Speaking to the press, Plenković said they concluded that Hrelja's ideas and the national recovery and resilience strategy fully converged with regard to increasing family pensions, and that they agreed to joint activities that would result in bills.
Hrelja will support government's proposals
"In future Hrelja will support the government's bills and consult with us on political issues that, given his voters, are very important. I'm looking forward to that cooperation."
Asked about Hrelja's statement that the European family pension model would cost Croatia about HRK 1 billion a year, Plenković said that remained to be seen. "That's part of the government's programme. We wish to make increasing family pensions possible. It's good that we work on that together."
Asked if Hrelja's hand in parliament cost HRK 1 billion a year, Plenković said, "It would cost that even without this cooperation. The idea is for these legal changes to go into force on 1 January 2023."
Asked if he was talking about cooperation with other MPs as well, he said they were not at the moment.

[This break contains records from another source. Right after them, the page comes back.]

(* Let $(\mathcal X,\rho)$ be a non-empty Polish metric space with Borel $\sigma$-field $\mathfrak B(\mathcal X)$, and let $\mathcal Y\in\mathfrak B(\mathcal X)$ satisfy $$c_{x,0}\,s^{-\gamma}\le \log \mathcal N_{\mathcal X}(s,\mathcal Y,\rho)\le c_{x,1}\,s^{-\gamma}\qquad\text{for all } s\in(0,s_0),$$ for constants $s_0>0$, $0<c_{x,0}<c_{x,1}$, $\gamma>0$. Fix $C>0$, $\beta\in(0,1]$, $\kappa>0$. Let $\mathcal P_{C,\beta,\kappa}$ be the set of pairs $(P_X,P_Y)$ of probability measures on $\mathfrak B(\mathcal X)$ with $P_X(\mathcal Y)=P_Y(\mathcal Y)=1$, $\operatorname{TV}(P_X,P_Y)\ge\kappa$, and such that there is a Borel set $\mathcal Y_0\subseteq\mathcal Y$ with $(P_X+P_Y)(\mathcal Y_0)=2$ and $|p_X(y)-p_X(z)|\le C\rho(y,z)^\beta$ for all $y,z\in\mathcal Y_0$, where $p_X=\mathrm dP_X/\mathrm d(P_X+P_Y)$. Supervised classification model: the training sample $(Z_1,W_1),\dots,(Z_n,W_n)$ is i.i.d., with $W_j\in\{0,1\}$, $P[W_1=1]=w$ for a fixed $w\in(0,1)$, and conditionally on $W_j=0$ (resp. $W_j=1$) $Z_j$ has law $P_X$ (resp. $P_Y$); a further observation $Z$, independent of the training sample, has law $P_X$ or $P_Y$. Define, with $K=1_{[0,1)}$ and $h=\{d\log n\}^{-1/\gamma}$, where $d\in(0,\eta\,c_{x,1}^{-1}4^{-\gamma})$ for some $\eta\in(0,1/2)$, $$\hat p_X(z)=\frac{\sum_{j=1}^n(1-W_j)K(\rho(z,Z_j)/h)}{\sum_{j=1}^n(1-W_j)},\qquad \hat p_Y(z)=\frac{\sum_{j=1}^nW_jK(\rho(z,Z_j)/h)}{\sum_{j=1}^nW_j}$$ when $\sum_j(1-W_j)\in(0,n)$, and otherwise $\hat p_X(z)=0$ or $\hat p_Y(z)=0$ respectively by convention (for the group with empty denominator); and let $\varphi=0$ if $\hat p_X(Z)\ge\hat p_Y(Z)$, $\varphi=1$ otherwise. The excess risk is $$\mathcal E_n(\varphi)=\sup_{(P_X,P_Y)\in\mathcal P_{C,\beta,\kappa}}\big(P_{X,Y,X}[\varphi=1]+P_{X,Y,Y}[\varphi=0]-1+\operatorname{TV}(P_X,P_Y)\big),$$ where $P_{X,Y,X}$ and $P_{X,Y,Y}$ denote the probability when $Z$ has law $P_X$, respectively $P_Y$. Then $$\mathcal E_n(\varphi)=\mathcal O\big((\log n)^{-\beta/\gamma}\big)\quad(n\to\infty).$$
   Context: $\mathcal N_{\mathcal X}(\delta,\mathcal Y,\rho)$ denotes the minimal number of open $\rho$-balls in $\mathcal X$ of radius $\delta$ whose union contains $\mathcal Y$. $\operatorname{TV}(P,Q)=\sup_{A\in\mathfrak B(\mathcal X)}|P(A)-Q(A)|$. *)

theory Defs
  imports "HOL-Probability.Probability"
begin

(* If no finite cover exists the
   value is Inf {} = 0 (never relevant below, since the hypothesis log N >= c s^-gamma > 0
   forces a finite cover). *)
definition covering_number :: "real \<Rightarrow> 'a::metric_space set \<Rightarrow> nat" where
  "covering_number \<delta> Y =
     Inf {card C | C. finite C \<and> Y \<subseteq> (\<Union>c\<in>C. ball c \<delta>)}"

definition TV :: "'a::topological_space measure \<Rightarrow> 'a measure \<Rightarrow> real" where
  "TV P Q = (SUP A\<in>sets borel. \<bar>measure P A - measure Q A\<bar>)"

definition sum_meas :: "'a measure \<Rightarrow> 'a measure \<Rightarrow> 'a measure" where
  "sum_meas P Q = measure_of (space P) (sets P) (\<lambda>A. emeasure P A + emeasure Q A)"

definition model_class ::
  "'a::polish_space set \<Rightarrow> real \<Rightarrow> real \<Rightarrow> real \<Rightarrow> ('a measure \<times> 'a measure) set" where
  "model_class Y C \<beta> \<kappa> = {(PX, PY).
     prob_space PX \<and> sets PX = sets borel \<and> prob_space PY \<and> sets PY = sets borel \<and>
     emeasure PX Y = 1 \<and> emeasure PY Y = 1 \<and> TV PX PY \<ge> \<kappa> \<and>
     (\<exists>Y0 p. Y0 \<in> sets borel \<and> Y0 \<subseteq> Y \<and>
        emeasure (sum_meas PX PY) Y0 = 2 \<and>
        p \<in> borel_measurable borel \<and> (\<forall>x. 0 \<le> p x) \<and>
        density (sum_meas PX PY) (\<lambda>x. ennreal (p x)) = PX \<and>
        (\<forall>y\<in>Y0. \<forall>z\<in>Y0. \<bar>p y - p z\<bar> \<le> C * dist y z powr \<beta>))}"

(* law of one training pair (Z_j, W_j): W_j ~ Bernoulli(w), Z_j | W_j=0 ~ PX, Z_j | W_j=1 ~ PY
   (W_j = 1 is encoded as True) *)
definition sample_law :: "real \<Rightarrow> 'a::topological_space measure \<Rightarrow> 'a measure \<Rightarrow> ('a \<times> bool) measure" where
  "sample_law w PX PY =
     measure_pmf (bernoulli_pmf w) \<bind>
       (\<lambda>b. distr (if b then PY else PX) (borel \<Otimes>\<^sub>M count_space UNIV) (\<lambda>z. (z, b)))"

definition K :: "real \<Rightarrow> real" where
  "K t = indicator {0..<1} t"

definition pX_hat :: "nat \<Rightarrow> real \<Rightarrow> (nat \<Rightarrow> 'a::metric_space \<times> bool) \<Rightarrow> 'a \<Rightarrow> real" where
  "pX_hat n h s z =
     (let m = (\<Sum>j<n. if snd (s j) then 0 else 1::real) in
      if m = 0 then 0
      else (\<Sum>j<n. (if snd (s j) then 0 else 1) * K (dist z (fst (s j)) / h)) / m)"

definition pY_hat :: "nat \<Rightarrow> real \<Rightarrow> (nat \<Rightarrow> 'a::metric_space \<times> bool) \<Rightarrow> 'a \<Rightarrow> real" where
  "pY_hat n h s z =
     (let m = (\<Sum>j<n. if snd (s j) then 1 else 0::real) in
      if m = 0 then 0
      else (\<Sum>j<n. (if snd (s j) then 1 else 0) * K (dist z (fst (s j)) / h)) / m)"

(* classifier phi; True means phi = 1 *)
definition phi :: "nat \<Rightarrow> real \<Rightarrow> (nat \<Rightarrow> 'a::metric_space \<times> bool) \<Rightarrow> 'a \<Rightarrow> bool" where
  "phi n h s z = (\<not> (pX_hat n h s z \<ge> pY_hat n h s z))"

definition bandwidth :: "real \<Rightarrow> real \<Rightarrow> nat \<Rightarrow> real" where
  "bandwidth d \<gamma> n = (d * ln (real n)) powr (-1 / \<gamma>)"

definition joint_law ::
  "nat \<Rightarrow> real \<Rightarrow> 'a::topological_space measure \<Rightarrow> 'a measure \<Rightarrow> 'a measure
     \<Rightarrow> ((nat \<Rightarrow> 'a \<times> bool) \<times> 'a) measure" where
  "joint_law n w PX PY PZ = (\<Pi>\<^sub>M j\<in>{..<n}. sample_law w PX PY) \<Otimes>\<^sub>M PZ"

definition excess_risk :: "real \<Rightarrow> real \<Rightarrow> real \<Rightarrow> nat \<Rightarrow> 'a::metric_space measure \<Rightarrow> 'a measure \<Rightarrow> real" where
  "excess_risk w d \<gamma> n PX PY =
     (let h = bandwidth d \<gamma> n in
       measure (joint_law n w PX PY PX) {(s, z) \<in> space (joint_law n w PX PY PX). phi n h s z}
     + measure (joint_law n w PX PY PY) {(s, z) \<in> space (joint_law n w PX PY PY). \<not> phi n h s z}
     - 1 + TV PX PY)"

end

theory Submission
  imports Defs "HOL-Real_Asymp.Real_Asymp"
begin

(*
  Write mu = P_X + P_Y and p = dP_X/dmu.  Averaged over the test point, the excess risk is at most
  the integral of |2p - 1| times the probability that phi decides wrongly at z.  Cover Y by
  N = N(h/2) balls of radius h/2.  Balls of mu-mass below tau contribute at most 3 N tau.  At a point
  z of a heavier ball, either |2p(z) - 1| <= 4 C h^beta, or the Hoelder condition forces
  |P_X(B(z,h)) - P_Y(B(z,h))| >= 2 C h^beta tau, and Hoeffding's inequality for the two class
  frequencies of B(z,h) makes a wrong decision exponentially unlikely in n.  The entropy bound gives
  N <= n^alpha with alpha = c_{x,1} 2^gamma d < 1/2, and with tau = n^(-theta), alpha < theta < 1/2,
  every term except 8 C h^beta = O((log n)^(-beta/gamma)) decays polynomially.
*)

section \<open>Sums of measures\<close>

lemma
  assumes "sets Q = sets P"
  shows sets_sum_meas: "sets (sum_meas P Q) = sets P"
    and space_sum_meas: "space (sum_meas P Q) = space P"
  unfolding sum_meas_def by (simp_all add: sets.sets_measure_of_eq sets.space_measure_of_eq)

lemma emeasure_sum_meas:
  assumes Q: "sets Q = sets P" and A: "A \<in> sets P"
  shows "emeasure (sum_meas P Q) A = emeasure P A + emeasure Q A"
  unfolding sum_meas_def
proof (rule emeasure_measure_of_sigma[OF sets.sigma_algebra_axioms _ _ A])
  show "countably_additive (sets P) (\<lambda>A. emeasure P A + emeasure Q A)"
    unfolding countably_additive_def using Q
    by (auto simp: suminf_add[symmetric] suminf_emeasure)
qed (simp add: positive_def)

lemma nn_integral_sum_meas:
  assumes Q: "sets Q = sets P" and f: "f \<in> borel_measurable P"
  shows "(\<integral>\<^sup>+x. f x \<partial>sum_meas P Q) = (\<integral>\<^sup>+x. f x \<partial>P) + (\<integral>\<^sup>+x. f x \<partial>Q)"
  using f
proof (induction rule: borel_measurable_induct)
  case (cong f g)
  have "space (sum_meas P Q) = space P" "space Q = space P"
    using Q space_sum_meas sets_eq_imp_space_eq by blast+
  with cong show ?case by (metis nn_integral_cong)
next
  case (set A)
  then show ?case
    using Q by (simp add: sets_sum_meas emeasure_sum_meas nn_integral_indicator)
next
  case (mult u c)
  then show ?case
    using Q by (simp add: nn_integral_cmult distrib_left sets_sum_meas cong: measurable_cong_sets)
next
  case (add u v)
  then show ?case
    using Q by (simp add: nn_integral_add sets_sum_meas add_ac cong: measurable_cong_sets)
next
  case (seq U)
  have U: "\<And>i. U i \<in> borel_measurable (sum_meas P Q)" "\<And>i. U i \<in> borel_measurable Q"
    using seq Q by (simp_all add: sets_sum_meas cong: measurable_cong_sets)
  have mono_int: "incseq (\<lambda>i. \<integral>\<^sup>+x. U i x \<partial>M)" for M
    using seq by (auto simp: incseq_def le_fun_def intro!: nn_integral_mono)
  have "(\<integral>\<^sup>+x. (SUP i. U i x) \<partial>sum_meas P Q) = (SUP i. (\<integral>\<^sup>+x. U i x \<partial>P) + (\<integral>\<^sup>+x. U i x \<partial>Q))"
    using seq U by (simp add: nn_integral_monotone_convergence_SUP)
  also have "\<dots> = (SUP i. \<integral>\<^sup>+x. U i x \<partial>P) + (SUP i. \<integral>\<^sup>+x. U i x \<partial>Q)"
    by (rule ennreal_SUP_add[OF mono_int mono_int])
  also have "\<dots> = (\<integral>\<^sup>+x. (SUP i. U i x) \<partial>P) + (\<integral>\<^sup>+x. (SUP i. U i x) \<partial>Q)"
    using seq U by (simp add: nn_integral_monotone_convergence_SUP)
  finally show ?case by (simp add: SUP_apply image_image)
qed

section \<open>Hoeffding's inequality for i.i.d. samples\<close>

lemma indep_vars_PiM_components:
  assumes L: "prob_space L" and I: "I \<noteq> {}"
  shows "prob_space.indep_vars (PiM I (\<lambda>_. L)) (\<lambda>_. L) (\<lambda>i \<omega>. \<omega> i) I"
proof -
  interpret product_prob_space "\<lambda>_. L" I
    using L by (simp add: product_prob_space_def product_sigma_finite_def
        prob_space_imp_sigma_finite product_prob_space_axioms_def)
  have "prob_space (PiM I (\<lambda>_. L))"
    using L by (intro prob_space_PiM) auto
  moreover have "distr (PiM I (\<lambda>_. L)) (PiM I (\<lambda>_. L)) (\<lambda>x. \<lambda>i\<in>I. x i) = PiM I (\<lambda>_. L)"
    by (subst distr_cong[of _ _ _ _ _ "\<lambda>x. x"]) (auto simp: space_PiM PiE_def extensional_restrict)
  ultimately show ?thesis
    using I by (subst prob_space.indep_vars_iff_distr_eq_PiM')
      (auto intro!: PiM_cong simp: PiM_component)
qed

"We are having a dialogue. Hrelja and I have a very good relationship (...) and I'm glad our views converge. It's good for Croatian democracy that we have as stable a majority as possible."
Asked if he had had it with Reformists president Radimir Čačić's threats of leaving the ruling coalition, Plenković said cooperation on the national level was one thing, which he expected to be honoured, and that local elections had nothing to do with that.
As for the selection of a Supreme Court president, he said that if the recommended candidate was not elected, applications would be invited again and someone else would be selected.
PM: The whole government and I deal with what's important
Plenković also commented on President Zoran Milanović's statement that he should "send lions at me, not poodles with dentures," saying this diverted attention from what was important.
"To me as prime minister, it's important that we have saved jobs, that we have revised the budget, that we will deal with the problems in health (...) These trivialities, insults... I think citizens see who is who."
Asked to comment on Vukovar Mayor Ivan Penava's idea that Croatian and Serb children in that city should go to the same schools, Plenković said Croatia protected its national minorities and that they were always in a position to contribute to the functioning of government.
He said minority representatives were part of the parliamentary majority and that this would not change.